#### PROBLEM TO SOLVE:
Pull out every line below that holds the word "Jfun".

──────────────────────────────

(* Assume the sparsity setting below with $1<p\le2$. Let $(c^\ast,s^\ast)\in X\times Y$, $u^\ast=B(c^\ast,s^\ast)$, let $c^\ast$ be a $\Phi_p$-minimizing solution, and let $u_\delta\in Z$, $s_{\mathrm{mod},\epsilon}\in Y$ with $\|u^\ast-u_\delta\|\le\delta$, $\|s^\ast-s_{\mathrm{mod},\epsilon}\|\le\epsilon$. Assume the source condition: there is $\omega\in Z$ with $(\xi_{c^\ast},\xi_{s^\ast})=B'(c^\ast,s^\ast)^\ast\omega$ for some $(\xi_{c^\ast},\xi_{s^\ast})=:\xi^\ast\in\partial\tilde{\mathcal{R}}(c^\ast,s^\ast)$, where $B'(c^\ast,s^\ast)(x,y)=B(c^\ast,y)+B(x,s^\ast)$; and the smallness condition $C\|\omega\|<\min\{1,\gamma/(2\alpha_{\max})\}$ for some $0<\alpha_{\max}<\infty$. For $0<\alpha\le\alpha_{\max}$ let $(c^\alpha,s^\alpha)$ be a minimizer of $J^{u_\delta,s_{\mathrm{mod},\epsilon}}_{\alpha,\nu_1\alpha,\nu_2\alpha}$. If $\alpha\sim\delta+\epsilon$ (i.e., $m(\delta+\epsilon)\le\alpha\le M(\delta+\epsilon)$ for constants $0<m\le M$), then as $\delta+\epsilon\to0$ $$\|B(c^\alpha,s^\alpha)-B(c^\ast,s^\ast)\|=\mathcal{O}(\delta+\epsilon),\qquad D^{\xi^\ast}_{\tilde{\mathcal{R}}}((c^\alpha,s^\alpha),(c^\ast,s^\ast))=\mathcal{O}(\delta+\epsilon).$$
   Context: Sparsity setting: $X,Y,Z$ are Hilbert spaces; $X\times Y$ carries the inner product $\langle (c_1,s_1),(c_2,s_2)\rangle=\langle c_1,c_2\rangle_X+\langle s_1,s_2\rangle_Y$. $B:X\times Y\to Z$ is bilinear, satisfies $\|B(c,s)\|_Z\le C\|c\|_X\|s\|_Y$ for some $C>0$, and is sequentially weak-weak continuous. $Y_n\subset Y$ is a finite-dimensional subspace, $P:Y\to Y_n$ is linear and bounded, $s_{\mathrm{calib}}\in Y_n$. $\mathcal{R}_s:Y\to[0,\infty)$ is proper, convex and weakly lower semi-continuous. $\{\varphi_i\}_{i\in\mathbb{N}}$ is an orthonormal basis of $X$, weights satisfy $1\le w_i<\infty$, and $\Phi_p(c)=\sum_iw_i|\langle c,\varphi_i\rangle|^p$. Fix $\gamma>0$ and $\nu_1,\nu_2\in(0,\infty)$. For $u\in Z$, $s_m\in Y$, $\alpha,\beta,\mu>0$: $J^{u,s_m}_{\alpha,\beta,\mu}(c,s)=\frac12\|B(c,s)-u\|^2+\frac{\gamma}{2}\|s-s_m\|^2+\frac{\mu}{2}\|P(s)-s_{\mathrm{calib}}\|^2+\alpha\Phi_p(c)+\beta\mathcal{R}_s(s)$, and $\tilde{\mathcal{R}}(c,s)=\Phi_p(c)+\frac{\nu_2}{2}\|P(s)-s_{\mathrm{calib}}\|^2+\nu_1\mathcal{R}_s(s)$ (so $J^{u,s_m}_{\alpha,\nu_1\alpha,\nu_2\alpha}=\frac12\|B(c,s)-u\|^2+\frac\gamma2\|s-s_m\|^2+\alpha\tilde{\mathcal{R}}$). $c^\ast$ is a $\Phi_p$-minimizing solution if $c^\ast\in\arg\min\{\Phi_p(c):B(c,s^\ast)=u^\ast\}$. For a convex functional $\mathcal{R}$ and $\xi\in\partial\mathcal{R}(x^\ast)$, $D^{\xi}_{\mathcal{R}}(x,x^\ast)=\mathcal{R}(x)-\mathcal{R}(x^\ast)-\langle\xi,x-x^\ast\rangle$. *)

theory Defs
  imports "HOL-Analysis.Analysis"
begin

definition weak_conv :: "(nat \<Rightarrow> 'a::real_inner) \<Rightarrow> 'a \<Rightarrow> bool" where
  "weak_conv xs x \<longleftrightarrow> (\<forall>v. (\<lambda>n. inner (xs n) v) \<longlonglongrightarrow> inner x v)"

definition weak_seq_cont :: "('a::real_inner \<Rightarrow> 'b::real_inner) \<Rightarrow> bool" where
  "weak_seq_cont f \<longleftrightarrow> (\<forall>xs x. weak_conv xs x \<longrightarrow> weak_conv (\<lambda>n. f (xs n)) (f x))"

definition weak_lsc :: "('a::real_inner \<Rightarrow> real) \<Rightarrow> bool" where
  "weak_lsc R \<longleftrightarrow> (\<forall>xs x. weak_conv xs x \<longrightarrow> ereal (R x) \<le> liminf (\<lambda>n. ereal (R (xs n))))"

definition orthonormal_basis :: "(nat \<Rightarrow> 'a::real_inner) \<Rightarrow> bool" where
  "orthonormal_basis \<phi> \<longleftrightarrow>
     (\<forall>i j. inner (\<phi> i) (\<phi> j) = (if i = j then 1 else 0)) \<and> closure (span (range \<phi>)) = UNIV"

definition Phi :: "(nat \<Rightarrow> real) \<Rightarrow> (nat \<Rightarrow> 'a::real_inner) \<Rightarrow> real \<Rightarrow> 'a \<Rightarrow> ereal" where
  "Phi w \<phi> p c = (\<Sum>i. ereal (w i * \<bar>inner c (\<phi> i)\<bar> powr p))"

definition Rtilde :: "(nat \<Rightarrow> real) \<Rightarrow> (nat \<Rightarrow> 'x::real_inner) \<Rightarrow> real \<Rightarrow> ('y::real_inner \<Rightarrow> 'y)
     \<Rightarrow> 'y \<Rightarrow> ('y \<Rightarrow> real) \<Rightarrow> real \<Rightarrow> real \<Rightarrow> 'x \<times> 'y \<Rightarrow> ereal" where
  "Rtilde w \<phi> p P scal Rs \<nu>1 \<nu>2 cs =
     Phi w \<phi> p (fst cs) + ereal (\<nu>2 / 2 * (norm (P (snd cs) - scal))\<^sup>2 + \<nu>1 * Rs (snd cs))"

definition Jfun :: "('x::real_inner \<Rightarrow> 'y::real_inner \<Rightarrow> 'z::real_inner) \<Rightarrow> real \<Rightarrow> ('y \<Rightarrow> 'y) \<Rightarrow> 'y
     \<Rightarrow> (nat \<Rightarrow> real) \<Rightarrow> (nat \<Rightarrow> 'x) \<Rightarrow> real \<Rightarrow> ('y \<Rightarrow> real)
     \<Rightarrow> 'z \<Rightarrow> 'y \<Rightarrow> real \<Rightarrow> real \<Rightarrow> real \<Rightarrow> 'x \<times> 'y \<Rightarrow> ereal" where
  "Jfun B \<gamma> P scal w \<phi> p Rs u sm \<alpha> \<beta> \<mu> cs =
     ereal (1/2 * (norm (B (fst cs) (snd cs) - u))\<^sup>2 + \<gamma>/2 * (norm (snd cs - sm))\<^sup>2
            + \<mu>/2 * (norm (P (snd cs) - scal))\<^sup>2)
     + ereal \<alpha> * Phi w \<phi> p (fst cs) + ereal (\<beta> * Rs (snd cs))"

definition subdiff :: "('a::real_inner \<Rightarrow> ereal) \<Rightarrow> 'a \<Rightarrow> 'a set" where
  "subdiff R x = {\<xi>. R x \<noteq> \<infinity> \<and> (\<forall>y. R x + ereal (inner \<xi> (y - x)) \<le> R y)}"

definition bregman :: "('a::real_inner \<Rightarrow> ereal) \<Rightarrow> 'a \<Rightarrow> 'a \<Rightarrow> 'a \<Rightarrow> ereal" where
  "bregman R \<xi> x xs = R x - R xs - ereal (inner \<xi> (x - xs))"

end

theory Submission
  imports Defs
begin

──────────────────────────────

#### EXERCISE RESPONSE:
definition Jfun :: "('x::real_inner \<Rightarrow> 'y::real_inner \<Rightarrow> 'z::real_inner) \<Rightarrow> real \<Rightarrow> ('y \<Rightarrow> 'y) \<Rightarrow> 'y
  "Jfun B \<gamma> P scal w \<phi> p Rs u sm \<alpha> \<beta> \<mu> cs =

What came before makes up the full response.